Doch selbst das hält ihn nicht davon ab. Auf der Fährte der Geschichten seiner Mutter durchstreift er weiterhin die unfruchtbaren Himmelsstriche der Farm und kümmert sich um seine Schafe und Ziegen. Und dann passiert etwas, das die Gleichförmigkeit der Tage aufbricht. Eines Nachmittags kniet er wie üblich auf einem Sandfleck und versucht, Buchstaben zu formen, als jemand sich neben ihn setzt. Wahrscheinlich ist die grimmige Hitze schuld daran, dass er nur noch verschwommen sieht, weil Schweißtropfen ihm in die Augen kullern und er nicht so recht erkennen kann, wer oder was es ist. Zuerst sieht es aus wie ein Baum. Dann verwandelt es sich in etwas Schattenhaftes. Nach einer Weile, als er es aus den Augenwinkeln noch einmal anschaut, verändert es erneut seine Gestalt. Eine riesige Gottesanbeterin. Nein. Doch ein menschliches Wesen. Ein sehr großer, muskulöser Mann.
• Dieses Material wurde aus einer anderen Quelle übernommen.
lemma frame_weyl_multilinear:
  fixes a :: real and T defines "T \<equiv> frame_lower (frame_weylop a)"
  shows "T (c *\<^sub>R x + d *\<^sub>R y) v w z = c * T x v w z + d * T y v w z"
    and "T v (c *\<^sub>R x + d *\<^sub>R y) w z = c * T v x w z + d * T v y w z"
    and "T v w (c *\<^sub>R x + d *\<^sub>R y) z = c * T v w x z + d * T v w y z"
    and "T v w z (c *\<^sub>R x + d *\<^sub>R y) = c * T v w z x + d * T v w z y"
  unfolding T_def frame_lower_def frame_weylop_decomp
  by (simp_all add: wedge_def minkowski_def frame_boost_def frame_rotation_def field_simps)

lemma endo_act_frame_weyl_symmetries:
  "endo_act frame_boost (tens4 (frame_lower (frame_weylop a))) [x0, x1, x2, x3] = 0"
  "endo_act frame_rotation (tens4 (frame_lower (frame_weylop a))) [x0, x1, x2, x3] = 0"
  by (simp_all add: endo_act_4 tens4_def frame_lower_def frame_weylop_decomp wedge_def minkowski_def
      frame_boost_def frame_rotation_def algebra_simps)

lemma frame_weyl_pseudosymmetric:
  "endo_act (frame_weylop a u v) (tens4 (frame_lower (frame_weylop a))) [x0, x1, x2, x3]
   = (2 * a^2 / 3) * endo_act (wedge minkowski u v) (tens4 (frame_lower (frame_weylop a))) [x0, x1, x2, x3]"
proof -
  note lincomb = endo_act_tens4_lincomb[OF frame_weyl_multilinear]
  have "frame_weylop a u v = (\<lambda>w. (2 * a^2 / 3) *\<^sub>R wedge minkowski u v w
     + 1 *\<^sub>R ((2 * a^2 * (u $ 1 * v $ 4 - u $ 4 * v $ 1)) *\<^sub>R frame_boost w
     + (2 * a^2 * (u $ 2 * v $ 3 - u $ 3 * v $ 2)) *\<^sub>R frame_rotation w))"
    by (simp add: fun_eq_iff frame_weylop_decomp add.assoc)
  then show ?thesis
    by (simp only: lincomb endo_act_frame_weyl_symmetries) simp
qed

section \<open>The curvature conditions\<close>

lemma som_ray_domainD: "p \<in> som_ray_domain \<Longrightarrow> 0 < p $ 3"
  by (simp add: som_ray_domain_def)

lemma Uset_som_rayD: "p \<in> Uset G som_ray_domain \<Longrightarrow> 0 < p $ 3"
  by (simp add: Uset_def som_ray_domain_def)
»Wer bist du, dass du dich so an mich ranschleichst?«, fragt Kupido zögerlich.
»Ich bin Heitsi-Eibib«, antwortet der Mann.
Kupido kriegt einen solchen Schreck, dass er beinahe hintüber fällt. Doch er ist zu benommen, um sich zu bewegen. Wie eine Maus vor einer Schlange sitzt er einfach wie gelähmt da.
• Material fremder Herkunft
(* There exists a two-way optical interference automaton (2OIA) that recognizes the language $L_{centre}=\{w_1 a w_2 \mid w_1,w_2\in\{a,b\}^*,\ |w_1|=|w_2|\}$ in time linear in the length of the input string.
   Context: A two-way optical interference automaton (2OIA) is a deterministic machine with finite state set $Q$, start state $q_0$, accepting and rejecting states, finite input alphabet $\Sigma$, and tape alphabet $\Gamma=\Sigma\cup\{\text{¢},\$\}$. On input $w=w_1\cdots w_n$ the read-only tape holds ¢$w_1\cdots w_n\$$ in cells $0,1,\dots,n+1$, scanned by a two-way head. For each cell $m$ there is a monochromatic point light source at the point $(m,0)$ of the plane; all sources have the same wavelength $\lambda$ and the same initial amplitude $A_0$, and each source is at any moment either switched off or switched on with initial phase $0$ or $\pi$. A detector is located at a grid point $(j,k)$ with $j,k\in\{0,\tfrac12,1,\tfrac32,\dots,n+1\}$, pointing towards the source array; its field of vision is the cone making angle $\pi/4$ with the vertical line through it, so it sees exactly the sources at $(m,0)$ with $|m-j|\le k$. The resultant wave at the detector is $\sum A_0 r_m^{-1}e^{i(\phi_m+2\pi r_m/\lambda)}$, summed over the switched-on sources it sees, where $r_m$ is the distance from the source to the detector and $\phi_m\in\{0,\pi\}$ the source's phase; the detector outputs $\underline{1}$ if this resultant (equivalently the intensity) is nonzero and $\underline{0}$ otherwise. The transition function $\delta:Q\times\Gamma\times\{\underline0,\underline1\}\to Q\times\{\text{left},\text{right},\text{stay}\}\times\{\text{left},\text{right},\text{up},\text{down},\text{stay}\}\times\{\mathrm{toggle}(0),\mathrm{toggle}(\pi),-\}$ maps (state, scanned symbol, detector output) to a new state, a move of the head by one cell, a move of the detector by one grid step (of length $1/2$), and an action on the source of the currently scanned cell: $\mathrm{toggle}(\phi)$ switches it on with phase $\phi$ if it is off and switches it off if it is on; $-$ does nothing. Initially all sources are off, the machine is in $q_0$, the head is on cell $0$, and the detector is at a prescribed initial grid position. For a given source, a maximal sequence of toggles at consecutive time steps is called non-transient if its length is odd; there is a constant $k$ such that the machine crashes if it attempts a non-transient toggle sequence on a single source for the $(k+1)$-th time. The machine accepts when it is in an accepting state with detector output $\underline0$. Its running time is the total number of moves made by the head plus the number of moves made by the detector. A 2OIA recognizes a language $L$ if it accepts every input in $L$ and rejects every input not in $L$. *)

theory Defs
  imports Complex_Main
begin

datatype 'x tsym = LEnd | REnd | Sym 'x

datatype hmove = HLeft | HRight | HStay
datatype dmove = DLeft | DRight | DUp | DDown | DStay
datatype action = Toggle0 | TogglePi | NoAct
datatype srcst = Off | On0 | OnPi

text \<open>Detector coordinates are stored doubled: a grid point (j,k), with j,k in
  {0,1/2,...,n+1}, is represented by the naturals (2j,2k) in {0..2n+2}.\<close>
record 'x oia =
  oia_states :: "nat set"
  oia_start :: nat
  oia_acc :: "nat set"
  oia_rej :: "nat set"
  oia_delta :: "nat \<Rightarrow> 'x tsym \<Rightarrow> bool \<Rightarrow> nat \<times> hmove \<times> dmove \<times> action"
  oia_alpha_j :: nat
  oia_beta_j :: int
  oia_alpha_k :: nat
  oia_beta_k :: int
  oia_lambda :: real
  oia_amp :: real
  oia_kbound :: nat

definition init_J :: "'x oia \<Rightarrow> nat \<Rightarrow> int" where
  "init_J M n = int (oia_alpha_j M * (n + 1)) + oia_beta_j M"

definition init_K :: "'x oia \<Rightarrow> nat \<Rightarrow> int" where
  "init_K M n = int (oia_alpha_k M * (n + 1)) + oia_beta_k M"

definition wf_oia :: "'x oia \<Rightarrow> bool" where
  "wf_oia M \<longleftrightarrow>
     finite (oia_states M) \<and> oia_start M \<in> oia_states M \<and>
     oia_acc M \<subseteq> oia_states M \<and> oia_rej M \<subseteq> oia_states M \<and>
     oia_acc M \<inter> oia_rej M = {} \<and>
     (\<forall>q \<in> oia_states M. \<forall>s o'. fst (oia_delta M q s o') \<in> oia_states M) \<and>
     oia_lambda M > 0 \<and> oia_amp M > 0 \<and>
     oia_alpha_j M \<le> 2 \<and> oia_alpha_k M \<le> 2 \<and>
     (\<forall>n. 0 \<le> init_J M n \<and> init_J M n \<le> 2 * int n + 2 \<and>
          0 \<le> init_K M n \<and> init_K M n \<le> 2 * int n + 2)"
»Hab keine Angst«, sagt Heitsi-Eibib. »Ich habe dir etwas mitgebracht.«
Er hält etwas zwischen Daumen und Zeigefinger und streckt es Kupido hin – den Zahn eines Löwen.
»Bind ihn dir um den Hals«, fährt er mit tiefer, leise grollender Stimme fort. »Es wird dich vor allem Übel schützen.«
Am Tag darauf und an den folgenden Tagen gewöhnt er sich allmählich an den großen Mann. Sie fangen an, sich zu unterhalten. Heitsi-Eibib kann Geschichten erzählen wie niemand sonst auf der ganzen Welt. Langsam versickert Kupidos Angst wie Wasser in trockenem Sand. Und von da an holt Heitsi-Eibib, wann immer ein Schaf oder eine Ziege streunt, sein mit Fett gefülltes Medizinhorn hervor und taucht den dünnen Dorn einer Aloe hinein, so dass nur noch eine Daumenlänge davon zu sehen ist. Den zündet er an und hält ihn in den Wind; wenn Kupido dann dem Rauch folgt, findet er mit Sicherheit das verirrte Tier. Nie wieder bekommt er vom Baas Prügel, weil er eines von den Schafen oder eine Ziege in seiner Obhut verloren hat.
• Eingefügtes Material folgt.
lemma model_decrease_dominates_error:
  fixes g :: "real^'p" and Hh :: "real^'p^'p"
  assumes "0 < \<Delta>" "0 < \<kappa>s" "\<eta> < 1" "max (matnorm Hh) 1 \<le> C"
    and "\<kappa>ef * \<Delta> \<le> \<kappa>s * (1 - \<eta>) * C" "\<kappa>ef \<le> \<kappa>s * (1 - \<eta>) * C"
    and critical: "\<Delta> * C < sigma_m g Hh"
    and decrease: "\<kappa>s * max (norm g * min \<Delta> (norm g / max (matnorm Hh) 1)) (tau_m Hh * \<Delta>\<^sup>2) \<le> d"
  shows "0 < d" "\<kappa>ef * \<Delta> ^ 3 \<le> (1 - \<eta>) * d"
proof -
  have "0 < C" using assms(4) by linarith
  obtain b where b: "0 < b" "b \<le> d" "\<kappa>ef * \<Delta> ^ 3 \<le> (1 - \<eta>) * b"
  proof (cases "\<Delta> * C < norm g")
    case True
    have "\<Delta> * max (matnorm Hh) 1 \<le> \<Delta> * C" using assms(1,4) by simp
    with True have "\<Delta> * max (matnorm Hh) 1 \<le> norm g" by linarith
    then have "min \<Delta> (norm g / max (matnorm Hh) 1) = \<Delta>" by (simp add: pos_le_divide_eq)
    then have "\<kappa>s * (norm g * \<Delta>)
        \<le> \<kappa>s * max (norm g * min \<Delta> (norm g / max (matnorm Hh) 1)) (tau_m Hh * \<Delta>\<^sup>2)"
      using \<open>0 < \<kappa>s\<close> by simp
    with decrease have "\<kappa>s * (norm g * \<Delta>) \<le> d" by linarith
    moreover have "\<kappa>s * (\<Delta> * C * \<Delta>) \<le> \<kappa>s * (norm g * \<Delta>)"
      using True assms(1,2) by (intro mult_left_mono mult_right_mono) auto
    ultimately have "\<kappa>s * (\<Delta> * C * \<Delta>) \<le> d" by linarith
    moreover have "\<kappa>ef * \<Delta> ^ 3 \<le> (1 - \<eta>) * (\<kappa>s * (\<Delta> * C * \<Delta>))"
      using assms(5) assms(1) by (simp add: power3_eq_cube mult_right_mono mult_ac)
    ultimately show ?thesis using assms(1,2) \<open>0 < C\<close> by (intro that) auto
  next
    case False
    then have tau: "\<Delta> * C < tau_m Hh"
      using critical unfolding sigma_m_def by linarith
    have "\<kappa>s * (tau_m Hh * \<Delta>\<^sup>2)
        \<le> \<kappa>s * max (norm g * min \<Delta> (norm g / max (matnorm Hh) 1)) (tau_m Hh * \<Delta>\<^sup>2)"
      using \<open>0 < \<kappa>s\<close> by simp
    with decrease have "\<kappa>s * (tau_m Hh * \<Delta>\<^sup>2) \<le> d" by linarith
    moreover have "\<kappa>s * (\<Delta> * C * \<Delta>\<^sup>2) \<le> \<kappa>s * (tau_m Hh * \<Delta>\<^sup>2)"
      using tau assms(1,2) by (intro mult_left_mono mult_right_mono) auto
    ultimately have "\<kappa>s * (\<Delta> * C * \<Delta>\<^sup>2) \<le> d" by linarith
    moreover have "\<kappa>ef * \<Delta> ^ 3 \<le> (1 - \<eta>) * (\<kappa>s * (\<Delta> * C * \<Delta>\<^sup>2))"
      using assms(6) assms(1) by (simp add: power3_eq_cube power2_eq_square mult_right_mono mult_ac)
    ultimately show ?thesis using assms(1,2) \<open>0 < C\<close> by (intro that) auto
  qed
  show "0 < d" using b by linarith
  have "(1 - \<eta>) * b \<le> (1 - \<eta>) * d" using b(2) \<open>\<eta> < 1\<close> by (intro mult_left_mono) auto
  with b(3) show "\<kappa>ef * \<Delta> ^ 3 \<le> (1 - \<eta>) * d" by linarith
qed

lemma successful_if_model_critical:
  fixes g :: "real^'p" and Hh :: "real^'p^'p"
  assumes "0 < \<Delta>" "0 < \<kappa>s" "\<eta> < 1" "max (matnorm Hh) 1 \<le> C" "\<mu> \<le> C"
    and "\<kappa>ef * \<Delta> \<le> \<kappa>s * (1 - \<eta>) * C" "\<kappa>ef \<le> \<kappa>s * (1 - \<eta>) * C"
    and critical: "\<Delta> * C < sigma_m g Hh"
    and decrease: "mhat fx g Hh 0 - mhat fx g Hh s
      \<ge> \<kappa>s * max (norm g * min \<Delta> (norm g / max (matnorm Hh) 1)) (tau_m Hh * \<Delta>\<^sup>2)"
    and model_err: "\<bar>fs - mhat fx g Hh s\<bar> \<le> \<kappa>ef * \<Delta> ^ 3"
  shows "(fx - fs) / (mhat fx g Hh 0 - mhat fx g Hh s) \<ge> \<eta> \<and> sigma_m g Hh \<ge> \<mu> * \<Delta>"
proof
  define d where "d = mhat fx g Hh 0 - mhat fx g Hh s"
  have d: "0 < d" "\<kappa>ef * \<Delta> ^ 3 \<le> (1 - \<eta>) * d"
    using model_decrease_dominates_error[OF assms(1-4,6-8) decrease] unfolding d_def by auto
  have "mhat fx g Hh s = fx - d" unfolding d_def by (simp add: mhat_def)
  with model_err d(2) have "\<eta> * d \<le> fx - fs" by (simp add: algebra_simps abs_le_iff)
  with d(1) show "(fx - fs) / (mhat fx g Hh 0 - mhat fx g Hh s) \<ge> \<eta>"
    unfolding d_def[symmetric] by (simp add: pos_le_divide_eq)
  show "sigma_m g Hh \<ge> \<mu> * \<Delta>"
    using critical mult_right_mono[OF \<open>\<mu> \<le> C\<close>, of \<Delta>] \<open>0 < \<Delta>\<close>
    unfolding mult.commute[of C \<Delta>] by linarith
qed

lemma inverse_c0_bounds:
  fixes \<mu> \<kappa>H \<kappa>s \<kappa>ef \<eta> \<Delta>max :: real
  assumes "0 < \<mu>" "0 < \<kappa>H" "0 < \<kappa>s" "\<eta> < 1" "0 < \<kappa>ef" "0 < \<Delta>max"
  defines "C \<equiv> inverse (min (1 / \<mu>) (min (1 / \<kappa>H)
      (min (\<kappa>s * (1 - \<eta>) / (\<kappa>ef * \<Delta>max)) (\<kappa>s * (1 - \<eta>) / \<kappa>ef))))"
  shows "0 < C" "\<mu> \<le> C" "\<kappa>H \<le> C" "\<kappa>ef * \<Delta>max \<le> \<kappa>s * (1 - \<eta>) * C"
    "\<kappa>ef \<le> \<kappa>s * (1 - \<eta>) * C"
proof -
  define c0 where "c0 = min (1 / \<mu>) (min (1 / \<kappa>H)
      (min (\<kappa>s * (1 - \<eta>) / (\<kappa>ef * \<Delta>max)) (\<kappa>s * (1 - \<eta>) / \<kappa>ef)))"
  have C: "C = inverse c0" unfolding C_def c0_def ..
  have c0: "0 < c0" unfolding c0_def using assms(1-6) by simp
  then show "0 < C" unfolding C by simp
  have le_C: "inverse q \<le> C" if "c0 \<le> q" for q
    unfolding C using le_imp_inverse_le[OF that c0] .
  show "\<mu> \<le> C" using le_C[of "1 / \<mu>"] unfolding c0_def by simp
  show "\<kappa>H \<le> C" using le_C[of "1 / \<kappa>H"] unfolding c0_def by simp
  have "0 < \<kappa>s * (1 - \<eta>)" using assms(3,4) by simp
  then show "\<kappa>ef * \<Delta>max \<le> \<kappa>s * (1 - \<eta>) * C" "\<kappa>ef \<le> \<kappa>s * (1 - \<eta>) * C"
    using le_C[of "\<kappa>s * (1 - \<eta>) / (\<kappa>ef * \<Delta>max)"] le_C[of "\<kappa>s * (1 - \<eta>) / \<kappa>ef"]
    unfolding c0_def by (simp_all add: pos_divide_le_eq mult.commute)
qed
Von Zeit zu Zeit, wenn er die Nacht draußen im Busch verbringen muss, bringt Heitsi-Eibib ihm bei, was er über die Sterne wissen muss. Gleich nach Sonnenuntergang, so erfährt er, muss er ganz genau hinsehen. In dem Augenblick, wenn der kleine Schwarm der Sieben Schwestern sichtbar wird, muss er so laut singen, wie er nur kann. Das bringt ihm, darauf kann er sich verlassen, Glück. Und er soll immer den Mond hoch achten, denn der ist nicht nur Heitsi-Eibib selber, sondern auch, auf irgendeine geheimnisvolle, verdrehte Art, der gute Gott Tsui-Goab, der zu Anbeginn der Zeit all die Felsen und Steine geschaffen hat, aus denen später die Menschen hervorgegangen sind. Und die Schlangen. Heitsi-Eibib zeigt ihm, dass jede kleine Quelle im Buschland von einer Schlange bewacht wird. Diese Schlange darf man nicht töten, denn dann trocknet die Quelle aus und bringt allem, was daraus sonst Leben schöpft, den Tod. Ist eine Quelle erst einmal ausgetrocknet, kann man genauso gut gleich weiterziehen. Dann ist da nur noch Stein.